Best soil for your cabbage crop
What are the requirements for cabbages’ soil?
- Well-drained
- Water-retentive
- Neutral pH level between 6 and 7
- Rich with compost or well-rotted manure
So how do you prepare it? Just make sure that your soil blend contains natural garden soil, loam, compost or well-rotted manure, and clay. Loam and clay will support each other to augment the water-retentive ability and drainage. At the same time, compost and garden soil will add a bit of a natural growing environment with nutrients.

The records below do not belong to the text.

(* The minimal typing algorithm of System $\mathsf{F_{<:}^{K\top}}$ terminates on every $\mathsf{F_{<:}^\top}$ term-in-context $\Theta\vdash^\top t$.
   Context: System $\mathsf{F_{<:}^{K\top}}$: raw types $T ::= \top \mid X \mid T\to T \mid \forall^{\mathsf K}(X<:T).T \mid \forall^\top(X<:T).T$, up to $\alpha$-conversion. Contexts $\Theta$: finite sequences of $X<:T$ or $x:T$ with distinct variables, each type well-formed over the preceding part. Raw terms $t ::= \mathsf{top}\mid x\mid\lambda(x:T).t\mid\Lambda(X<:T).t\mid t\,t\mid t\{T\}$. Algorithmic subtyping $\Theta\vdash_A S<:T$: (1) $\Theta\vdash_A T<:\top$; (2) $\Theta\vdash_A X<:X$; (3) if $T\not\equiv\top,X$ and $\Theta,X<:S,\Theta'\vdash_A S<:T$ then $\Theta,X<:S,\Theta'\vdash_A X<:T$; (4) from $S'<:S$, $T<:T'$ infer $S\to T<:S'\to T'$; (5) from $\Theta,X<:S\vdash_A T<:T'$ infer $\forall^{\mathsf K}(X<:S).T<:\forall^{\mathsf K}(X<:S).T'$; (6) from $\Theta\vdash_A T_0<:S_0$, $\Theta,X<:S_0\vdash_A S_1<:T_1$ infer $\forall^{\mathsf K}(X<:S_0).S_1<:\forall^\top(X<:T_0).T_1$; (7) from $\Theta\vdash_A T_0<:S_0$, $\Theta,X<:\top\vdash_A S_1<:T_1$ infer $\forall^\top(X<:S_0).S_1<:\forall^\top(X<:T_0).T_1$. The subtyping algorithm is the deterministic goal-directed search for such derivations (at most one rule applies to each judgement). $\Theta^*(T)=\Theta^*(S)$ if $T\equiv X$ and $X<:S$ occurs in $\Theta$; $\Theta^*(T)=T$ otherwise. Minimal typing $\Theta\vdash_M t:T$: $\Theta,x:T,\Theta'\vdash_M x:T$; $\Theta\vdash_M\mathsf{top}:\top$; from $\Theta,x:S\vdash_M t:T$ infer $\Theta\vdash_M\lambda(x:S).t:S\to T$; from $\Theta\vdash_M r:R$, $\Theta\vdash_M s:S$, $\Theta\vdash S<:S'$ with $\Theta^*(R)=S'\to T$ infer $\Theta\vdash_M r\,s:T$; from $\Theta,X<:S\vdash_M t:T$ infer $\Theta\vdash_M\Lambda(X<:S).t:\forall^{\mathsf K}(X<:S).T$; from $\Theta\vdash_M r:R$, $\Theta\vdash S<:S'$ with $\Theta^*(R)=\forall^{\mathsf K}(X<:S').T$ or $\forall^\top(X<:S').T$ infer $\Theta\vdash_M r\{S\}:T[S/X]$. The minimal typing algorithm computes, by recursion on the structure of $t$, the unique $T$ with $\Theta\vdash_M t:T$ or rejects, deciding each subtyping premise $\Theta\vdash S<:S'$ by running the subtyping algorithm on $\Theta\vdash_A S<:S'$. An $\mathsf{F_{<:}^\top}$ term-in-context is one whose context and type annotations contain only $\forall^\top$ quantifiers. *)

theory Defs
  imports Main
begin
definition rpba_accepting :: "('q, 'a) parikh_aut \<Rightarrow> (nat \<Rightarrow> 'q) \<Rightarrow> (nat \<Rightarrow> nat list) \<Rightarrow> bool" where
  "rpba_accepting A p v \<longleftrightarrow>
     (\<exists>i\<ge>1. p i \<in> pa_final A \<and> psum (pa_dim A) v i \<in> pa_constr A)
     \<and> infinite {j. p j \<in> pa_final A}"

definition rpa_lang :: "('q, 'a) parikh_aut \<Rightarrow> (nat \<Rightarrow> 'a) set" where
  "rpa_lang A = {\<alpha>. \<exists>p v. pa_run A \<alpha> p v \<and> rpa_accepting A p v}"

definition rpba_lang :: "('q, 'a) parikh_aut \<Rightarrow> (nat \<Rightarrow> 'a) set" where
  "rpba_lang A = {\<alpha>. \<exists>p v. pa_run A \<alpha> p v \<and> rpba_accepting A p v}"

text \<open>Recognizability; states are taken from nat (any finite state set embeds).\<close>
definition RPA_recognizable :: "(nat \<Rightarrow> 'a::finite) set \<Rightarrow> bool" where
  "RPA_recognizable L \<longleftrightarrow> (\<exists>A :: (nat, 'a) parikh_aut. pa_wf A \<and> L = rpa_lang A)"

definition RPBA_recognizable :: "(nat \<Rightarrow> 'a::finite) set \<Rightarrow> bool" where
  "RPBA_recognizable L \<longleftrightarrow> (\<exists>A :: (nat, 'a) parikh_aut. pa_wf A \<and> L = rpba_lang A)"

end

theory Submission
  imports Defs "HOL-Library.Infinite_Set"
begin

text \<open>An RPA becomes an RPBA by adding a second copy of the automaton, entered along a transition
  into a final state, in which every state is final and every vector label is zero: the Buchi
  condition then holds automatically, and the Parikh image stays frozen at its value at the
  moment of the jump.

  Conversely, the words over \<open>bool\<close> with infinitely many \<open>True\<close>s form the language of a
  two-state RPBA of dimension 0. No RPA recognises it: an accepting run on a word whose
  \<open>True\<close>s are separated by blocks of \<open>card Q\<close> letters \<open>False\<close> has accepted at some position
  \<open>i\<close>, and in such a block after \<open>i\<close> it repeats a state. Looping forever inside the block
  gives an accepting run on a word with only finitely many \<open>True\<close>s.\<close>

lemma pa_run_in_states:
  assumes "pa_wf A" "pa_run A \<alpha> p v"
  shows "p n \<in> pa_states A"
proof (cases n)
  case 0
  then show ?thesis using assms by (auto simp: pa_wf_def pa_run_def)
next
  case (Suc m)
  have "(p m, \<alpha> m, v m, p (Suc m)) \<in> pa_trans A" using assms(2) by (auto simp: pa_run_def)
  then show ?thesis using assms(1) Suc by (auto simp: pa_wf_def)
qed

lemma psum_cong: "(\<And>n. n < i \<Longrightarrow> v n = w n) \<Longrightarrow> psum d v i = psum d w i"
  unfolding psum_def by (intro map_cong refl sum.cong) auto

lemma psum_eq_if_zero_between:
  assumes "i \<le> j" "\<And>n. i \<le> n \<Longrightarrow> n < j \<Longrightarrow> v n = replicate d 0"
  shows "psum d v j = psum d v i"
  using assms
proof (induction j rule: dec_induct)
  case (step n)
  then have "psum d v (Suc n) = psum d v n" by (simp add: psum_def)
  with step show ?case by simp
qed simp

subsection \<open>From RPA to RPBA\<close>

text \<open>State \<open>q\<close> of \<open>A\<close> becomes \<open>2 * q\<close> in the original copy and \<open>2 * q + 1\<close> in the frozen copy.\<close>

definition rpba_of_rpa :: "(nat, 'a) parikh_aut \<Rightarrow> (nat, 'a) parikh_aut" where
  "rpba_of_rpa A =
    \<lparr>pa_states = (\<lambda>q. 2 * q) ` pa_states A \<union> (\<lambda>q. 2 * q + 1) ` pa_states A,
     pa_init = 2 * pa_init A,
     pa_trans = (\<lambda>(p, a, v, q). (2 * p, a, v, 2 * q)) ` pa_trans A
       \<union> (\<lambda>(p, a, v, q). (2 * p, a, v, 2 * q + 1)) ` (pa_trans A \<inter> UNIV \<times> UNIV \<times> UNIV \<times> pa_final A)
       \<union> (\<lambda>(p, a, v, q). (2 * p + 1, a, replicate (pa_dim A) 0, 2 * q + 1)) ` pa_trans A,
     pa_final = (\<lambda>q. 2 * q + 1) ` pa_states A,
     pa_dim = pa_dim A,
     pa_constr = pa_constr A\<rparr>"

lemma rpba_of_rpa_simps:
  "pa_states (rpba_of_rpa A) = (\<lambda>q. 2 * q) ` pa_states A \<union> (\<lambda>q. 2 * q + 1) ` pa_states A"
  "pa_init (rpba_of_rpa A) = 2 * pa_init A"
  "pa_final (rpba_of_rpa A) = (\<lambda>q. 2 * q + 1) ` pa_states A"
  "pa_dim (rpba_of_rpa A) = pa_dim A"
  "pa_constr (rpba_of_rpa A) = pa_constr A"
  by (simp_all add: rpba_of_rpa_def)

lemma pa_trans_rpba_of_rpa_iff:
  "(x, a, w, y) \<in> pa_trans (rpba_of_rpa A) \<longleftrightarrow>
     (\<exists>p q. x = 2 * p \<and> y = 2 * q \<and> (p, a, w, q) \<in> pa_trans A)
   \<or> (\<exists>p q. x = 2 * p \<and> y = 2 * q + 1 \<and> q \<in> pa_final A \<and> (p, a, w, q) \<in> pa_trans A)
   \<or> (\<exists>p q u. x = 2 * p + 1 \<and> y = 2 * q + 1 \<and> w = replicate (pa_dim A) 0
        \<and> (p, a, u, q) \<in> pa_trans A)"
  by (auto simp: rpba_of_rpa_def image_iff) force

lemma pa_wf_rpba_of_rpa:
  assumes "pa_wf A"
  shows "pa_wf (rpba_of_rpa A)"
proof -
  have "x \<in> pa_states (rpba_of_rpa A) \<and> w \<in> nvecs (pa_dim A) \<and> y \<in> pa_states (rpba_of_rpa A)"
    if "(x, a, w, y) \<in> pa_trans (rpba_of_rpa A)" for x a w y
    using that assms unfolding pa_trans_rpba_of_rpa_iff rpba_of_rpa_simps pa_wf_def nvecs_def
    by (elim disjE exE conjE) (simp; blast)+
  then have "pa_trans (rpba_of_rpa A)
      \<subseteq> pa_states (rpba_of_rpa A) \<times> UNIV \<times> nvecs (pa_dim A) \<times> pa_states (rpba_of_rpa A)"
    by fast
  with assms show ?thesis
    unfolding pa_wf_def by (auto simp: rpba_of_rpa_simps) (simp add: rpba_of_rpa_def)
qed

lemma rpa_lang_subset_rpba_lang_rpba_of_rpa:
  assumes "pa_wf A"
  shows "rpa_lang A \<subseteq> rpba_lang (rpba_of_rpa A)"
proof
  fix \<alpha> assume "\<alpha> \<in> rpa_lang A"
  then obtain p v i where run: "pa_run A \<alpha> p v" and i: "i \<ge> 1" "p i \<in> pa_final A"
    "psum (pa_dim A) v i \<in> pa_constr A"
    by (auto simp: rpa_lang_def rpa_accepting_def)
  have states: "p n \<in> pa_states A" for n using pa_run_in_states[OF assms run] .
  define p' where "p' n = (if n < i then 2 * p n else 2 * p n + 1)" for n
  define v' where "v' n = (if n < i then v n else replicate (pa_dim A) 0)" for n
  have "pa_run (rpba_of_rpa A) \<alpha> p' v'"
    unfolding pa_run_def
  proof (intro conjI allI)
    show "p' 0 = pa_init (rpba_of_rpa A)"
      using run i by (simp add: p'_def pa_run_def rpba_of_rpa_simps)
    fix n
    have "(p n, \<alpha> n, v n, p (Suc n)) \<in> pa_trans A" using run by (simp add: pa_run_def)
    then show "(p' n, \<alpha> n, v' n, p' (Suc n)) \<in> pa_trans (rpba_of_rpa A)"
      using i by (cases "Suc n < i"; cases "Suc n = i")
        (auto simp: p'_def v'_def pa_trans_rpba_of_rpa_iff)
  qed
  moreover have "rpba_accepting (rpba_of_rpa A) p' v'"
    unfolding rpba_accepting_def
  proof (intro conjI)
    have "psum (pa_dim A) v' i = psum (pa_dim A) v i" by (rule psum_cong) (simp add: v'_def)
    then show "\<exists>i\<ge>1. p' i \<in> pa_final (rpba_of_rpa A)
        \<and> psum (pa_dim (rpba_of_rpa A)) v' i \<in> pa_constr (rpba_of_rpa A)"
      using i states by (auto simp: rpba_of_rpa_simps p'_def intro!: exI[of _ i])
    have "{i..} \<subseteq> {j. p' j \<in> pa_final (rpba_of_rpa A)}"
      using states by (auto simp: rpba_of_rpa_simps p'_def)
    then show "infinite {j. p' j \<in> pa_final (rpba_of_rpa A)}"
      using infinite_Ici finite_subset by blast
  qed
  ultimately show "\<alpha> \<in> rpba_lang (rpba_of_rpa A)" by (auto simp: rpba_lang_def)
qed

lemma pa_run_rpba_of_rpa_frozen:
  assumes run: "pa_run (rpba_of_rpa A) \<alpha> p v" and "odd (p i)" "i \<le> n"
  shows "odd (p n)" "v n = replicate (pa_dim A) 0"
proof -
  have trans: "(p n, \<alpha> n, v n, p (Suc n)) \<in> pa_trans (rpba_of_rpa A)" for n
    using run by (simp add: pa_run_def)
  show odd: "odd (p n)"
    using \<open>i \<le> n\<close>
  proof (induction n rule: dec_induct)
    case base
    show ?case using \<open>odd (p i)\<close> .
  next
    case (step n)
    then show ?case using trans[of n] unfolding pa_trans_rpba_of_rpa_iff by auto
  qed
  show "v n = replicate (pa_dim A) 0"
    using trans[of n] odd unfolding pa_trans_rpba_of_rpa_iff by auto
qed

lemma pa_run_rpba_of_rpa_project:
  assumes run: "pa_run (rpba_of_rpa A) \<alpha> p v"
  obtains u where "pa_run A \<alpha> (\<lambda>n. p n div 2) u" "\<And>n. even (p n) \<Longrightarrow> u n = v n"
proof
  have trans: "(p n, \<alpha> n, v n, p (Suc n)) \<in> pa_trans (rpba_of_rpa A)" for n
    using run by (simp add: pa_run_def)
  define u where "u n = (if even (p n) then v n
    else SOME w. (p n div 2, \<alpha> n, w, p (Suc n) div 2) \<in> pa_trans A)" for n
  show "u n = v n" if "even (p n)" for n using that by (simp add: u_def)
  show "pa_run A \<alpha> (\<lambda>n. p n div 2) u"
    unfolding pa_run_def
  proof (intro conjI allI)
    show "p 0 div 2 = pa_init A" using run by (simp add: pa_run_def rpba_of_rpa_simps)
    fix n
    show "(p n div 2, \<alpha> n, u n, p (Suc n) div 2) \<in> pa_trans A"
    proof (cases "even (p n)")
      case True
      then show ?thesis using trans[of n] unfolding pa_trans_rpba_of_rpa_iff by (auto simp: u_def)
    next
      case False
      then have "\<exists>w. (p n div 2, \<alpha> n, w, p (Suc n) div 2) \<in> pa_trans A"
        using trans[of n] unfolding pa_trans_rpba_of_rpa_iff by auto
      then have "(p n div 2, \<alpha> n, SOME w. (p n div 2, \<alpha> n, w, p (Suc n) div 2) \<in> pa_trans A,
          p (Suc n) div 2) \<in> pa_trans A"
        by (rule someI_ex)
      with False show ?thesis by (simp add: u_def)
    qed
  qed
qed

lemma rpba_lang_rpba_of_rpa_subset_rpa_lang: "rpba_lang (rpba_of_rpa A) \<subseteq> rpa_lang A"
proof
  fix \<alpha> assume "\<alpha> \<in> rpba_lang (rpba_of_rpa A)"
  then obtain p v j q where run: "pa_run (rpba_of_rpa A) \<alpha> p v"
    and j: "p j = 2 * q + 1" "psum (pa_dim A) v j \<in> pa_constr A"
    by (auto simp: rpba_lang_def rpba_accepting_def rpba_of_rpa_simps)
  have trans: "(p n, \<alpha> n, v n, p (Suc n)) \<in> pa_trans (rpba_of_rpa A)" for n
    using run by (simp add: pa_run_def)
  have odd_j: "odd (p j)" using j(1) by simp
  define i where "i = (LEAST n. odd (p n))"
  have odd_i: "odd (p i)" unfolding i_def using odd_j by (rule LeastI)
  have even_before: "even (p n)" if "n < i" for n using that not_less_Least i_def by blast
  have "i \<le> j" using odd_j even_before by (meson not_le)
  obtain m where m: "i = Suc m"
    using odd_i run by (cases i) (auto simp: pa_run_def rpba_of_rpa_simps)
  obtain u where run_A: "pa_run A \<alpha> (\<lambda>n. p n div 2) u" and u: "\<And>n. even (p n) \<Longrightarrow> u n = v n"
    using pa_run_rpba_of_rpa_project[OF run] by metis
  have "p i div 2 \<in> pa_final A"
    using trans[of m] even_before[of m] odd_i m unfolding pa_trans_rpba_of_rpa_iff by auto
  moreover have "psum (pa_dim A) u i = psum (pa_dim A) v j"
  proof -
    have "psum (pa_dim A) u i = psum (pa_dim A) v i" by (rule psum_cong) (simp add: u even_before)
    also have "\<dots> = psum (pa_dim A) v j"
      using \<open>i \<le> j\<close> pa_run_rpba_of_rpa_frozen(2)[OF run odd_i]
      by (intro psum_eq_if_zero_between[symmetric])
    finally show ?thesis .
  qed
  ultimately have "rpa_accepting A (\<lambda>n. p n div 2) u"
    using j(2) m unfolding rpa_accepting_def by (intro exI[of _ i]) auto
  with run_A show "\<alpha> \<in> rpa_lang A" by (auto simp: rpa_lang_def)
qed

lemma RPA_recognizable_imp_RPBA_recognizable: "RPA_recognizable L \<Longrightarrow> RPBA_recognizable L"
  unfolding RPA_recognizable_def RPBA_recognizable_def
  using pa_wf_rpba_of_rpa rpa_lang_subset_rpba_lang_rpba_of_rpa
    rpba_lang_rpba_of_rpa_subset_rpa_lang
  by (metis subset_antisym)

subsection \<open>Pumping a run of an RPA\<close>

definition lasso_index :: "nat \<Rightarrow> nat \<Rightarrow> nat \<Rightarrow> nat" where
  "lasso_index j k n = (if n < j then n else j + (n - j) mod (k - j))"
lemma mult_affine_eq_affine_update:
  fixes U W :: "'a::comm_ring_1 mat"
  assumes U: "U \<in> carrier_mat n n" and W: "W \<in> carrier_mat n n"
  shows "U * (c \<cdot>\<^sub>m (e \<cdot>\<^sub>m W) + a \<cdot>\<^sub>m 1\<^sub>m n) + (c \<cdot>\<^sub>m (f \<cdot>\<^sub>m W) + b \<cdot>\<^sub>m 1\<^sub>m n)
    = a \<cdot>\<^sub>m U + b \<cdot>\<^sub>m 1\<^sub>m n + c \<cdot>\<^sub>m ((e \<cdot>\<^sub>m U + f \<cdot>\<^sub>m 1\<^sub>m n) * W)"
proof -
  have "U * (c \<cdot>\<^sub>m (e \<cdot>\<^sub>m W) + a \<cdot>\<^sub>m 1\<^sub>m n) = c \<cdot>\<^sub>m (e \<cdot>\<^sub>m (U * W)) + a \<cdot>\<^sub>m U"
    using U W by (simp add: mult_add_distrib_mat[of U n n _ n] mult_smult_distrib[of U n n _ n])
  moreover have "(e \<cdot>\<^sub>m U + f \<cdot>\<^sub>m 1\<^sub>m n) * W = e \<cdot>\<^sub>m (U * W) + f \<cdot>\<^sub>m W"
    using U W by (simp add: add_mult_distrib_mat[of _ n n _ _ n] mult_smult_assoc_mat[of _ n n _ n])
  ultimately show ?thesis
    using U W by (intro eq_matI) (auto simp: algebra_simps)
qed

section \<open>The matrices of the dynamics\<close>

locale secular_dynamics =
  fixes N :: nat and a b \<eta> \<beta> \<gamma> :: complex and z :: "nat \<Rightarrow> nat \<Rightarrow> complex"
  assumes N: "N \<ge> 1" and a: "a \<noteq> 0" and \<gamma>: "\<gamma> \<noteq> 0"
    and distinct: "\<And>l. inj_on (z l) {..<N}"
    and den: "\<And>l j. j < N \<Longrightarrow> \<eta> * z l j + \<beta> \<noteq> 0"
    and diff: "\<And>l n k. n < N \<Longrightarrow> k < N \<Longrightarrow> z (Suc l) n - a * z l k - b \<noteq> 0"
    and secular: "\<And>l j. j < N \<Longrightarrow>
      (\<Sum>k<N. ghat N a b \<eta> \<beta> (z l) (z (Suc l)) k / (z (Suc (Suc l)) j - a * z (Suc l) k - b)) = 1 / \<gamma>"
begin

definition g :: "nat \<Rightarrow> nat \<Rightarrow> complex" where
  "g l m = ghat N a b \<eta> \<beta> (z l) (z (Suc l)) m"

definition Z :: "nat \<Rightarrow> complex mat" where
  "Z l = mat_diag N (z l)"

definition M :: "nat \<Rightarrow> complex mat" where
  "M l = mat N N (\<lambda>(i, j). g l j / (z (Suc l) j - a * z l i - b))"

definition M_inv :: "nat \<Rightarrow> complex mat" where
  "M_inv l = mat N N (\<lambda>(m, n).
     ((\<Prod>i<N. z (Suc l) m - (a * z l i + b)) / (\<Prod>j\<in>{..<N}-{m}. z (Suc l) m - z (Suc l) j))
     * ((\<Prod>j<N. (a * z l n + b) - z (Suc l) j) / (\<Prod>i\<in>{..<N}-{n}. (a * z l n + b) - (a * z l i + b)))
     / ((a * z l n + b) - z (Suc l) m) / g l m)"

definition D :: "nat \<Rightarrow> complex mat" where
  "D l = mat_diag N (\<lambda>i. 1 / (\<eta> * z l i + \<beta>))"

definition G :: "nat \<Rightarrow> complex mat" where
  "G l = mat N N (\<lambda>(i, j). g l j)"

lemma carrier_mats [simp]:
  "Z l \<in> carrier_mat N N" "M l \<in> carrier_mat N N" "M_inv l \<in> carrier_mat N N"
  "D l \<in> carrier_mat N N" "G l \<in> carrier_mat N N"
  by (simp_all add: Z_def M_def M_inv_def D_def G_def)

lemma g_nonzero:
  assumes m: "m < N"
  shows "g l m \<noteq> 0"
proof
  assume "g l m = 0"
  \<comment> \<open>then some factor \<eta> z (l+1) j + a \<beta> - b \<eta> with j \<noteq> m vanishes; it kills every weight g l n
      with n \<noteq> j, and the secular equation makes z (l+2) constant\<close>
  moreover define c where "c = a powi (1 - int N) * (\<eta> * z (Suc l) m + \<beta>)
      * (\<Prod>j<N. (z (Suc l) m - a * z l j - b) / (\<eta> * z l j + \<beta>))"
  ultimately have "c * (\<Prod>j\<in>{..<N}-{m}. (\<eta> * z (Suc l) j + a * \<beta> - b * \<eta>) / (z (Suc l) m - z (Suc l) j)) = 0"
    unfolding g_def ghat_def by simp
  moreover have "c \<noteq> 0"
    unfolding c_def using a den diff[OF m] m by auto
  ultimately have "(\<Prod>j\<in>{..<N}-{m}. (\<eta> * z (Suc l) j + a * \<beta> - b * \<eta>) / (z (Suc l) m - z (Suc l) j)) = 0"
    by simp
  then obtain j where j: "j < N" "j \<noteq> m"
    and "(\<eta> * z (Suc l) j + a * \<beta> - b * \<eta>) / (z (Suc l) m - z (Suc l) j) = 0"
    by auto
  moreover have "z (Suc l) m \<noteq> z (Suc l) j" using inj_onD[OF distinct] j m by blast
  ultimately have factor: "\<eta> * z (Suc l) j + a * \<beta> - b * \<eta> = 0" by simp
  have others: "g l n = 0" if "n < N" "n \<noteq> j" for n
  proof -
    have "(\<Prod>i\<in>{..<N}-{n}. (\<eta> * z (Suc l) i + a * \<beta> - b * \<eta>) / (z (Suc l) n - z (Suc l) i)) = 0"
      by (rule prod_zero) (use that j factor in auto)
    then show ?thesis unfolding g_def ghat_def by simp
  qed
  have shift: "z (Suc (Suc l)) i - a * z (Suc l) j - b = \<gamma> * g l j" if i: "i < N" for i
  proof -
    have "(\<Sum>k<N. g l k / (z (Suc (Suc l)) i - a * z (Suc l) k - b))
        = g l j / (z (Suc (Suc l)) i - a * z (Suc l) j - b)"
      using j others by (simp add: sum.remove[of _ j] sum.neutral)
    then have "g l j / (z (Suc (Suc l)) i - a * z (Suc l) j - b) = 1 / \<gamma>"
      using secular[OF i] unfolding g_def by simp
    then show ?thesis using diff[OF i j(1)] \<gamma> by (simp add: field_simps)
  qed
  have "z (Suc (Suc l)) m = (z (Suc (Suc l)) m - a * z (Suc l) j - b) + a * z (Suc l) j + b" by simp
  also have "\<dots> = (z (Suc (Suc l)) j - a * z (Suc l) j - b) + a * z (Suc l) j + b"
    using shift[OF m] shift[OF j(1)] by simp
  finally have "z (Suc (Suc l)) m = z (Suc (Suc l)) j" by simp
  then show False using inj_onD[OF distinct] j m by blast
qed

lemma M_inv_mult_M: "M_inv l * M l = 1\<^sub>m N"
proof (rule eq_matI)
  fix i j assume "i < dim_row (1\<^sub>m N)" "j < dim_col (1\<^sub>m N)"
  then have i: "i < N" and j: "j < N" by auto
  let ?y = "\<lambda>n. a * z l n + b"
  have "(M_inv l * M l) $$ (i, j) = (g l j / g l i) * (\<Sum>n<N.
      ((\<Prod>k<N. z (Suc l) i - ?y k) / (\<Prod>k\<in>{..<N}-{i}. z (Suc l) i - z (Suc l) k))
      * ((\<Prod>k<N. ?y n - z (Suc l) k) / (\<Prod>k\<in>{..<N}-{n}. ?y n - ?y k))
      / (?y n - z (Suc l) i) / (z (Suc l) j - ?y n))"
    unfolding index_mult_mat_sum[OF carrier_mats(3,2) i j] sum_distrib_left
    using i j by (intro sum.cong refl) (simp add: M_def M_inv_def diff_diff_eq ac_simps)
  also have "\<dots> = 1\<^sub>m N $$ (i, j)"
  proof -
    have inj_y: "inj_on ?y {..<N}" using inj_onD[OF distinct] a by (auto intro: inj_onI)
    have xy: "z (Suc l) m \<noteq> ?y n" if "m < N" "n < N" for m n
      using diff[OF that] by (auto simp: diff_diff_eq)
    have "(\<Sum>n<N.
      ((\<Prod>k<N. z (Suc l) i - ?y k) / (\<Prod>k\<in>{..<N}-{i}. z (Suc l) i - z (Suc l) k))
      * ((\<Prod>k<N. ?y n - z (Suc l) k) / (\<Prod>k\<in>{..<N}-{n}. ?y n - ?y k))
      / (?y n - z (Suc l) i) / (z (Suc l) j - ?y n)) = (if i = j then 1 else 0)"
      by (rule cauchy_inverse_sum[OF distinct inj_y xy i j])
    then show ?thesis using i j g_nonzero[OF i, of l] by (cases "i = j") simp_all
  qed
  finally show "(M_inv l * M l) $$ (i, j) = 1\<^sub>m N $$ (i, j)" .
qed (simp_all add: M_def M_inv_def)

Diseases that cabbages may encounter
Black rot, powdery mildew, leaf spot, cracked head, and bottom rots are some common diseases that your cabbage crop may encounter. Overwatering or unfavorable temperatures usually are the major reasons why these diseases appear, so make sure that your crop is living in the best condition, as I suggest.
If your plants already manifest the complications, spray them with a gentle fungicide to kill the fungi and bugs early. If left too long, even using chemical products won’t resuscitate the greens.
Fertilizer: When, which, and how?
2 weeks after transplanting, cabbages prefer a gentle diet with a balanced fertilizer of 10-10-10 NPK ratio. 3 to 4 weeks after that, switch to a nitrogen-rich fertilizer to promote healthy leafy growth. Use products with 27-3-3 or 15-9-12 NPK ratio, and the heads will get heavier with layers of foliage.
How and when to prune your cabbage
You don’t typically have to prune your cabbage unless it’s necessary. Consider this activity when the lower leaves are riding close or touching the ground. Cutting them, alongside yellow and damaged leaves, will allow the nutrients in the cabbage plants to focus on spawning new foliage or bulging the cabbage heads.
Use a pair of scissors or pruning shear to cut off all unwanted leaves, but never remove them all, especially the top leaves. They play a huge role in sending nutrients to the roots so they can convert energy and grow other important parts, aka the edible heads.